Thursday, September 06, 2018

Varna, Caste, and the Dalits in India

[D]espite its longevity, caste, and caste oppression, is not a popular theme in India.

In Telangana, which had its own feudal ruler, ‘every untouchable family in every village had to give up their first male child as soon as he learned to talk and walk. They would bring him to the dora [landlord] to work in his household as a slave until death.’ Other castes suffered too. This wasn’t, as Gidla writes, ‘a traditional system,’ but one instituted in the late 19th century to allow the large-scale cultivation of tobacco and cotton. The peasants, aided by the Communist Party, rose up and fought this servitude. By now the brahmins were in power in Delhi. No untouchable or low-caste Hindu harboured many illusions. Some even feared that after the British withdrawal things would get worse for them. They did. The Indian army invaded the city of Hyderabad in Telangana, deposing its rulers, but then turned its guns on the peasants, detaining, torturing and raping thousands and evicting them from the land. The more progressive elements in the Congress Party may have believed that with industrialisation and modernisation the problem of caste would solve itself. It never did. Capitalism itself may be caste, colour and gender-blind but the dominant classes utilise these divisions to preserve their own rule.

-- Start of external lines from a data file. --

(* For every positive integer $n$ and every function $\sigma\colon E(K_{4n})\to\{-1,1\}$ with $\left|\sigma\left(E(K_{4n})\right)\right|<n^2+11n+2$, there is a perfect matching $M$ in $K_{4n}$ with $|\sigma(M)|\leq 2$.
   Context: $K_{4n}$ denotes the complete graph on $4n$ vertices and $E(K_{4n})$ its edge set. For a set $F$ of edges, $\sigma(F)=\sum_{e\in F}\sigma(e)$. *)

theory Defs
  imports Main
begin

definition edges_K :: "nat \<Rightarrow> nat set set" where
  "edges_K m = {e. \<exists>u v. u < m \<and> v < m \<and> u \<noteq> v \<and> e = {u, v}}"

definition perfect_matching :: "nat \<Rightarrow> nat set set \<Rightarrow> bool" where
  "perfect_matching m M \<longleftrightarrow> M \<subseteq> edges_K m \<and> (\<forall>v<m. \<exists>!e. e \<in> M \<and> v \<in> e)"

end

(*
  As sigma is +-1-valued, sigma(E(K_4n)) = (4n choose 2) - 2|N|, where N is the set of negative
  edges, so the hypothesis forces 2|N| > (n - 2)(7n + 1). An Erdos-Gallai type bound (a graph on
  m vertices whose maximum matching has t <= (m - 1)/3 edges has at most t(2m - t - 1)/2 edges)
  then yields a matching of n - 1 negative edges, and any perfect matching M extending it has
  sigma(M) <= 2n - 2(n - 1) = 2. The same applied to -sigma gives a perfect matching with
  sigma >= -2. Finally, one perfect matching can be turned into another by exchanges
  {a,c},{b,d} -> {a,b},{c,d}, each changing sigma by at most 4, so on the way some perfect
  matching has |sigma| <= 2.
*)

theory Submission
  imports Defs
begin

lemma pairwise_disjnt_Un:
  assumes "pairwise disjnt A" "pairwise disjnt B" "\<And>x y. x \<in> A \<Longrightarrow> y \<in> B \<Longrightarrow> disjnt x y"
  shows "pairwise disjnt (A \<union> B)"
  using assms unfolding pairwise_def by (metis Un_iff disjnt_sym)

lemma card_doubleton_le: "card {x, y} \<le> 2"
  by (cases "x = y") simp_all

lemma card_ge_2_otherE:
  assumes "finite S" "2 \<le> card S"
  obtains u where "u \<in> S" "u \<noteq> w"
proof -
  have "\<not> S \<subseteq> {w}"
  proof
    assume "S \<subseteq> {w}"
    hence "card S \<le> 1" using card_mono[of "{w}" S] by simp
    thus False using assms(2) by linarith
  qed
  thus ?thesis using that by blast
qed

lemma sum_Diff_Un:
  fixes f :: "'a \<Rightarrow> 'b :: ab_group_add"
  assumes "finite A" "X \<subseteq> A" "finite Y" "Y \<inter> (A - X) = {}"
  shows "sum f (A - X \<union> Y) = sum f A - sum f X + sum f Y"
proof -
  have "sum f (A - X \<union> Y) = sum f (A - X) + sum f Y"
    using assms by (intro sum.union_disjoint) auto
  also have "sum f (A - X) = sum f A - sum f X"
    using assms by (simp add: sum_diff finite_subset)
  finally show ?thesis .
qed

lemma abs_sum_le_card:
  fixes f :: "'a \<Rightarrow> 'b :: linordered_idom"
  assumes "\<And>x. x \<in> A \<Longrightarrow> \<bar>f x\<bar> \<le> 1"
  shows "\<bar>sum f A\<bar> \<le> of_nat (card A)"
proof -
  have "\<bar>sum f A\<bar> \<le> (\<Sum>x\<in>A. \<bar>f x\<bar>)" by (rule sum_abs)
  also have "\<dots> \<le> of_nat (card A)" using sum_bounded_above[of A "\<lambda>x. \<bar>f x\<bar>" 1] assms by simp
  finally show ?thesis .
qed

In 2012 the Indian and Western media extensively covered the gang rape and murder of a single woman in Delhi, largely because students and feminist groups had protested on the streets and made it an issue; that same year 1574 Dalit women were raped and 651 Dalits murdered. Add to this the regular mob punishment of Dalit and low-caste women: they are forcibly stripped then paraded through villages to humiliate them further. Politically a democracy, constitutionally secular, India has, since 1947, been a caste Hindu dictatorship. – Tariq Ali (from his review cited below)

I want to recommend, without reservation, Tariq Ali’s review of Sujatha Gilda’s book, Ants Among Elephants: An Untouchable Family and the Making of Modern India (Farrar, Straus and Giroux, 2017), “The Unseeables, in the latest issue of the London Review of Books, Vol. 40, No. 16 (30 August 2018).

See too Pankaj Mishra’s review, “God’s Oppressed Children,” for The New York Review of Books, December 21, 2017.

[A self-imposed time constraint precludes the use of subscript diacritic dots in what follows, hence, for example, the ‘s’ in ksatriya should be pronounced more like ‘sh.’] 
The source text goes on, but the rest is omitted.